» Exercise description
List each line of the data that holds the word "tcat".

» Collected data
§
(* Let $\mathcal C,\mathcal D$ be 2-categories. Let $L:\mathcal C\boxtimes_{\mathrm{sim}}\mathcal D\to\mathcal C\times\mathcal D$ be the strict 2-functor with $L(C;D)=(C,D)$, $L(n,p,r;m,q,s)=(\circ p,\circ q)$ (the composites $(p)_n\circ\dots\circ(p)_1$ and $(q)_m\circ\dots\circ(q)_1$), and $L(\xi,\alpha;\rho,\beta)=(\alpha_{\bar n}\circ\dots\circ\alpha_1,\ \beta_{\bar m}\circ\dots\circ\beta_1)$. Let $R:\mathcal C\times\mathcal D\to\mathcal C\boxtimes_{\mathrm{sim}}\mathcal D$ be the lax functor with $R(C,D)=(C;D)$, $R(c,d)=$ the 1-cell "first $d$, then $c$", i.e. $(1,(c),r_0;1,(d),s_0)$ with $r_0=(0,0,1)$, $s_0=(0,1,1)$ as maps $[2]\to[1]$, $R(\gamma,\delta)=(\mathrm{id}_{[1]},(\gamma);\mathrm{id}_{[1]},(\delta))$, unit comparison at $(C,D)$ the unique 2-cell from the identity to $R(1_C,1_D)$ with identity icon components, and composition comparison $R(c',d')\circ R(c,d)\Rightarrow R(c'\circ c,d'\circ d)$ the 2-cell $(\partial,(1_{c'\circ c});\partial,(1_{d'\circ d}))$ with $\partial:[1]\to[2]$, $0\mapsto0$, $1\mapsto2$. Then $L\circ R=1_{\mathcal C\times\mathcal D}$, and the family of 2-cells $\eta_{(n,p,r;m,q,s)}=(!_{[1]\to[n]},(1_{\circ p});!_{[1]\to[m]},(1_{\circ q})):(n,p,r;m,q,s)\Rightarrow R L(n,p,r;m,q,s)$ (where $!_{[1]\to[k]}$ sends $0\mapsto0$, $1\mapsto k$) is an icon $\eta:1\Rightarrow R\circ L$ exhibiting $L\dashv R$ (with identity counit) in the 2-category of 2-categories, lax functors and icons.
   Context: All 2-categories are strict and small. An icon between lax functors $F,G:\mathcal X\to\mathcal Y$ that agree on objects is a family of 2-cells $\theta_x:Fx\Rightarrow Gx$, one for each 1-cell $x$, natural in 2-cells of $\mathcal X$ and compatible with the unit and composition comparisons; 2-categories, lax functors and icons form a 2-category. $[n]=\{0<\dots<n\}$ as a category; $\Delta_{\bot\top}$ has objects $[n]$ and morphisms order-preserving maps preserving first and last element. A path of length $n$ in $\mathcal C$ is a 2-functor $p:[n]\to\mathcal C$, with components $(p)_i=p(i-1\to i)$. For $\xi:[\bar n]\to[n]$ in $\Delta_{\bot\top}$, an icon $\alpha:p\circ\xi\Rightarrow\bar p$ is a family of 2-cells $\alpha_i:(p)_{\xi(i)}\circ\dots\circ(p)_{\xi(i-1)+1}\Rightarrow(\bar p)_i$, $i=1..\bar n$ (source an identity if $\xi(i-1)=\xi(i)$). A shuffle of $n,m$ is a pair $r:[n+m]\to[n]$, $s:[n+m]\to[m]$ in $\Delta_{\bot\top}$ such that at each step exactly one of $r,s$ increases by $1$ and the other stays constant. $\mathcal C\boxtimes_{\mathrm{sim}}\mathcal D$: objects pairs $(C;D)$; 1-cells sextuples $(n,p,r;m,q,s)$ with $p$ a path of length $n$ in $\mathcal C$, $q$ a path of length $m$ in $\mathcal D$, $(r,s)$ a shuffle, composed by concatenation (identity: $(0,C,\mathrm{id};0,D,\mathrm{id})$); 2-cells $(n,p,r;m,q,s)\Rightarrow(\bar n,\bar p,\bar r;\bar m,\bar q,\bar s)$ are $(\xi,\alpha;\rho,\beta)$ with $\xi:[\bar n]\to[n]$, $\rho:[\bar m]\to[m]$ in $\Delta_{\bot\top}$ satisfying $\min r^{-1}(\xi(\bar r(\bar i)))\le\max s^{-1}(\rho(\bar s(\bar i)))$ for all $\bar i\in\{0,\dots,\bar n+\bar m\}$, and icons $\alpha:p\circ\xi\Rightarrow\bar p$, $\beta:q\circ\rho\Rightarrow\bar q$; vertical composite of $(\xi,\alpha;\rho,\beta)$ then $(\bar\xi,\bar\alpha;\bar\rho,\bar\beta)$ is $(\xi\circ\bar\xi,\bar\alpha\bullet(\alpha\bar\xi);\rho\circ\bar\rho,\bar\beta\bullet(\beta\bar\rho))$ with $(\alpha\bar\xi)_i=\alpha_{\bar\xi(i)}\circ\dots\circ\alpha_{\bar\xi(i-1)+1}$; horizontal composition is concatenation. *)

theory Defs
  imports Main
begin

text \<open>Conventions: cmp g f is the composite "first f then g";
  vc b a is the vertical composite "first a then b";
  hc b a is the horizontal composite "first a then b" (a, b horizontally composable).\<close>

record ('o,'a,'b) tcat =
  Ob   :: "'o set"
  Ar   :: "'a set"
  dom1 :: "'a \<Rightarrow> 'o"
  cod1 :: "'a \<Rightarrow> 'o"
  idn  :: "'o \<Rightarrow> 'a"
  cmp  :: "'a \<Rightarrow> 'a \<Rightarrow> 'a"
  Cl   :: "'b set"
  src2 :: "'b \<Rightarrow> 'a"
  tgt2 :: "'b \<Rightarrow> 'a"
  id2  :: "'a \<Rightarrow> 'b"
  vc   :: "'b \<Rightarrow> 'b \<Rightarrow> 'b"
  hc   :: "'b \<Rightarrow> 'b \<Rightarrow> 'b"

definition twocat :: "('o,'a,'b) tcat \<Rightarrow> bool" where
  "twocat C \<longleftrightarrow>
    (\<forall>f\<in>Ar C. dom1 C f \<in> Ob C \<and> cod1 C f \<in> Ob C) \<and>
    (\<forall>x\<in>Ob C. idn C x \<in> Ar C \<and> dom1 C (idn C x) = x \<and> cod1 C (idn C x) = x) \<and>
    (\<forall>f\<in>Ar C. \<forall>g\<in>Ar C. cod1 C f = dom1 C g \<longrightarrow>
        cmp C g f \<in> Ar C \<and> dom1 C (cmp C g f) = dom1 C f \<and> cod1 C (cmp C g f) = cod1 C g) \<and>
    (\<forall>f\<in>Ar C. cmp C f (idn C (dom1 C f)) = f \<and> cmp C (idn C (cod1 C f)) f = f) \<and>
    (\<forall>f\<in>Ar C. \<forall>g\<in>Ar C. \<forall>h\<in>Ar C. cod1 C f = dom1 C g \<longrightarrow> cod1 C g = dom1 C h \<longrightarrow>
        cmp C h (cmp C g f) = cmp C (cmp C h g) f) \<and>
    (\<forall>a\<in>Cl C. src2 C a \<in> Ar C \<and> tgt2 C a \<in> Ar C \<and>
        dom1 C (src2 C a) = dom1 C (tgt2 C a) \<and> cod1 C (src2 C a) = cod1 C (tgt2 C a)) \<and>
    (\<forall>f\<in>Ar C. id2 C f \<in> Cl C \<and> src2 C (id2 C f) = f \<and> tgt2 C (id2 C f) = f) \<and>
    (\<forall>a\<in>Cl C. \<forall>b\<in>Cl C. tgt2 C a = src2 C b \<longrightarrow>
        vc C b a \<in> Cl C \<and> src2 C (vc C b a) = src2 C a \<and> tgt2 C (vc C b a) = tgt2 C b) \<and>
    (\<forall>a\<in>Cl C. vc C a (id2 C (src2 C a)) = a \<and> vc C (id2 C (tgt2 C a)) a = a) \<and>
    (\<forall>a\<in>Cl C. \<forall>b\<in>Cl C. \<forall>c\<in>Cl C. tgt2 C a = src2 C b \<longrightarrow> tgt2 C b = src2 C c \<longrightarrow>
        vc C c (vc C b a) = vc C (vc C c b) a) \<and>
    (\<forall>a\<in>Cl C. \<forall>b\<in>Cl C. cod1 C (src2 C a) = dom1 C (src2 C b) \<longrightarrow>
        hc C b a \<in> Cl C \<and> src2 C (hc C b a) = cmp C (src2 C b) (src2 C a) \<and>
        tgt2 C (hc C b a) = cmp C (tgt2 C b) (tgt2 C a)) \<and>
    (\<forall>a\<in>Cl C. hc C a (id2 C (idn C (dom1 C (src2 C a)))) = a \<and>
        hc C (id2 C (idn C (cod1 C (src2 C a)))) a = a) \<and>
    (\<forall>a\<in>Cl C. \<forall>b\<in>Cl C. \<forall>c\<in>Cl C. cod1 C (src2 C a) = dom1 C (src2 C b) \<longrightarrow>
        cod1 C (src2 C b) = dom1 C (src2 C c) \<longrightarrow> hc C c (hc C b a) = hc C (hc C c b) a) \<and>
    (\<forall>f\<in>Ar C. \<forall>g\<in>Ar C. cod1 C f = dom1 C g \<longrightarrow>
        id2 C (cmp C g f) = hc C (id2 C g) (id2 C f)) \<and>
    (\<forall>a\<in>Cl C. \<forall>a'\<in>Cl C. \<forall>b\<in>Cl C. \<forall>b'\<in>Cl C.
        tgt2 C a = src2 C a' \<longrightarrow> tgt2 C b = src2 C b' \<longrightarrow> cod1 C (src2 C a) = dom1 C (src2 C b) \<longrightarrow>
        hc C (vc C b' b) (vc C a' a) = vc C (hc C b' a') (hc C b a))"

definition prodcat :: "('o1,'a1,'b1) tcat \<Rightarrow> ('o2,'a2,'b2) tcat \<Rightarrow>
    ('o1 \<times> 'o2, 'a1 \<times> 'a2, 'b1 \<times> 'b2) tcat" where
  "prodcat C D = \<lparr> Ob = Ob C \<times> Ob D, Ar = Ar C \<times> Ar D,
     dom1 = (\<lambda>(c,d). (dom1 C c, dom1 D d)), cod1 = (\<lambda>(c,d). (cod1 C c, cod1 D d)),
     idn = (\<lambda>(x,y). (idn C x, idn D y)),
     cmp = (\<lambda>(c',d') (c,d). (cmp C c' c, cmp D d' d)),
     Cl = Cl C \<times> Cl D,
     src2 = (\<lambda>(a,b). (src2 C a, src2 D b)), tgt2 = (\<lambda>(a,b). (tgt2 C a, tgt2 D b)),
     id2 = (\<lambda>(c,d). (id2 C c, id2 D d)),
     vc = (\<lambda>(a',b') (a,b). (vc C a' a, vc D b' b)),
     hc = (\<lambda>(a',b') (a,b). (hc C a' a, hc D b' b)) \<rparr>"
§
» Exercise output
record ('o,'a,'b) tcat =
definition twocat :: "('o,'a,'b) tcat \<Rightarrow> bool" where
definition prodcat :: "('o1,'a1,'b1) tcat \<Rightarrow> ('o2,'a2,'b2) tcat \<Rightarrow>
    ('o1 \<times> 'o2, 'a1 \<times> 'a2, 'b1 \<times> 'b2) tcat" where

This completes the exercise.